Rodney C. Williams

No. 2, 12
- Position:: Punter

Personal information
- Born:: April 25, 1977 (age 47) Brooklyn, New York, U.S.
- Height:: 6 ft 0 in (1.83 m)
- Weight:: 210 lb (95 kg)

Career information
- High school:: Southwest DeKalb (Decatur, Georgia)
- College:: Georgia Tech
- NFL draft:: 1999: 7th round, 252nd pick

Career history
- St. Louis Rams (1999)*; Washington Redskins (2000)*; Rhein Fire (2000-2001); New York Giants (2001); Seattle Seahawks (2003)*; Kansas City Chiefs (2004)*; New Orleans Saints (2005)*; Edmonton Eskimos (2006); Oakland Raiders (2006)*;
- * Offseason and/or practice squad member only

Career highlights and awards
- 2× First-team All-ACC (1997, 1998);

Career NFL statistics
- Punts:: 91
- Punt yards:: 3,905
- Punting average:: 42.9
- Stats at Pro Football Reference

= Rodney Williams (punter) =

American football player (born 1977)

Rodney Colin Williams (born April 25, 1977) is an American former professional football punter.

==College career==
Williams, who played from 1995 to 1998, left Georgia Tech as the school's career leader in punting average at 41.1 yards a kick.
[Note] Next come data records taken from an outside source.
(* Fix $\tau\in(0,1)$ and consider the moment function $\rho(y,q)=\tau-\mathbb I[y\le q]$ ($m=0$), so that $q_a^*(x;\tau)$, the $\tau$-quantile of $Y\mid X=x,A=a$, plays the role of $\kappa_a^*$ and the CDTE is the conditional quantile treatment effect $\mathrm{CQTE}(x;\tau)=q_1^*(x;\tau)-q_0^*(x;\tau)$. Assume the conditional distributions of $Y$ given $X=x,A=a$ are continuous. Then the general pseudo-outcome (defined in the context) specializes to $$\psi^{\mathrm{CQTE}}(Z,e,q,f)=q_1(X;\tau)-q_0(X;\tau)+\frac{A-e(X)}{e(X)(1-e(X))}\,\frac{1}{f_A(X)}\big(\tau-\mathbb I[Y\le q_A(X;\tau)]\big),$$ where $f_a$ is a stand-in for $f_a^*(x)=f_{Y\mid X=x,A=a}(q_a^*(x;\tau))$, the conditional density of $Y$ given $X=x,A=a$ evaluated at the conditional quantile. Furthermore, if the Boundedness Assumption (in the context) holds and the cross-fitted nuisance estimates $(\hat e^{(k)},\hat q^{(k)},\hat f^{(k)})$ lie in $\Xi$, then $$\mathcal E\lesssim\sum_{k=1}^K\sum_{a=0}^1\|\hat q_a^{(k)}-q_a^*\|\Big(\|\hat e^{(k)}-e^*\|+\Big\|\frac{1}{\hat f^{(k)}_a}-\frac{1}{f^*_a}\Big\|+\|\hat q^{(k)}_a-q^*_a\|\Big).$$
   Context: $Z=(X,A,Y)$ with $X\in\mathcal X$, $A\in\{0,1\}$, $Y\in\mathbb R$, $e^*(x)=P(A=1\mid X=x)$; $\|g\|=\mathbb E[g^2]^{1/2}$. $D$ denotes directional derivatives. General setting: for a moment function $\rho:\mathbb R\times\mathbb R^{m+1}\to\mathbb R^{m+1}$, $\rho(y,\nu)$ with $\nu=(\kappa,h)$, $\nu_a^*(x)=(\kappa_a^*(x),h_a^*(x))$ solves $\mathbb E[\rho(Y,\nu)\mid X=x,A=a]=0$; $J_a^*(x)=D_\nu\{\mathbb E[\rho(Y,\nu)\mid X=x,A=a]\}|_{\nu=\nu_a^*(x)}$ (assumed invertible) and $\alpha_a^*(x)$ is the first row of $J_a^*(x)^{-1}$. The pseudo-outcome for stand-ins $(e,\alpha,\nu)$ is $\psi(Z,e,\alpha,\nu)=\kappa_1(X)-\kappa_0(X)-\frac{A-e(X)}{e(X)(1-e(X))}\alpha_A(X)^T\rho(Y,\nu_A(X))$. Cross-fitting: given $n$ i.i.d. copies of $Z$, $K\ge2$ folds $I_k=\{i:i\equiv k-1\pmod K\}$, nuisance estimates $(\hat e^{(k)},\hat\alpha^{(k)},\hat\nu^{(k)})$ built from data outside $I_k$. $\mathcal E=\sum_{k=1}^K\mathcal E(\hat e^{(k)},\hat\alpha^{(k)},\hat\nu^{(k)})$, where $\mathcal E(e,\alpha,\nu)=\sum_{a=0}^1\big(\|\kappa_a-\kappa_a^*\|\|e-e^*\|+\sum_{i,j}G_{ij}\|\alpha_{a,i}-\alpha^*_{a,i}\|\|\nu_{a,j}-\nu^*_{a,j}\|+\sum_{i,j}H_{ij}\|\nu_{a,i}-\nu^*_{a,i}\|\|\nu_{a,j}-\nu^*_{a,j}\|\big)$. Boundedness Assumption: for a set $\Xi$ of nuisance realizations, there exist $c_1>0,c_2\ge0,c_3\ge0,c_4>0,c_5\ge0$ and $G,H\in\{0,1\}^{(m+1)\times(m+1)}$ such that for all $(e,\alpha,\nu)\in\Xi$, $a$, $i,j,l$, and $\bar\nu_a$ in the convex hull of $\{\nu_a^*,\nu_a\}$: $e^*(X),e(X)\in[c_1,1-c_1]$; $|D_{\nu_{a,j}}\mathbb E[\rho_i(Y,\nu_a)\mid X,A=a]|_{\nu_a=\bar\nu_a}|\le c_2G_{ij}$; $|D_{\nu_{a,l}}D_{\nu_{a,j}}\mathbb E[\rho_i(Y,\nu_a)\mid X=x,A=a]|_{\nu_a=\bar\nu_a}|\le c_3H_{jl}$; $\det(D_{\nu_a}\{\mathbb E[\rho(Y,\nu_a)\mid X=x,A=a]\}|_{\nu_a=\bar\nu_a})>c_4$; $|\rho_i(Y,\bar\nu_a)|\le c_5$. *)

theory Defs
  imports "HOL-Probability.Probability"
begin

text \<open>Observed data: a probability space M, covariates X with values in a measurable
space SX, treatment A in {0,1} (encoded as nat), outcome Y real. The case m = 0 of the general
setting: the moment function is scalar, rho :: real => real => real, the nuisance
nu_a = kappa_a is scalar, the Jacobian J is 1x1 and alpha is 1/J.\<close>

definition cond_dist ::
  "'w measure \<Rightarrow> 'x measure \<Rightarrow> ('w \<Rightarrow> 'x) \<Rightarrow> ('w \<Rightarrow> nat) \<Rightarrow> ('w \<Rightarrow> real)
   \<Rightarrow> ('x \<Rightarrow> nat \<Rightarrow> real measure) \<Rightarrow> bool" where
  "cond_dist M SX X A Y K \<longleftrightarrow>
     (\<forall>x a. prob_space (K x a) \<and> sets (K x a) = sets borel) \<and>
     (\<forall>a C. C \<in> sets borel \<longrightarrow> (\<lambda>x. measure (K x a) C) \<in> borel_measurable SX) \<and>
     (\<forall>B C a. B \<in> sets SX \<longrightarrow> C \<in> sets borel \<longrightarrow> a \<in> {0,1} \<longrightarrow>
        measure M {\<omega> \<in> space M. X \<omega> \<in> B \<and> A \<omega> = a \<and> Y \<omega> \<in> C}
        = (\<integral>\<omega>. indicator {\<omega> \<in> space M. X \<omega> \<in> B \<and> A \<omega> = a} \<omega>
                   * measure (K (X \<omega>) a) C \<partial>M))"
His single-season average of 45.64 yards per punt in 1997 set a school record that stood until Pressley Harvin III broke it in 2020 with an average of 48.0 yards per punt. That same season, he had a school record 553 punting yards against Florida State. In November 2011, Williams was inducted into the Georgia Tech Sports Hall of Fame.

==Professional career==
Williams was selected out of Georgia Tech by the St. Louis Rams in the seventh round of the 1999 NFL draft. Williams played 2 seasons in NFL Europe where he was a Special Teams Captain for the 2000 World Bowl Champions, Rhine Fire. In 2001 landing a job with the New York Giants. At the time, Williams was the only African-American punter in the NFL, and was just the fourth in the league's history. Williams set a team record with a 90-yard punt on Monday Night Football on September 10, 2001, in Denver against the Broncos, a record that stands to date. Williams officially retired from the NFL in 2007.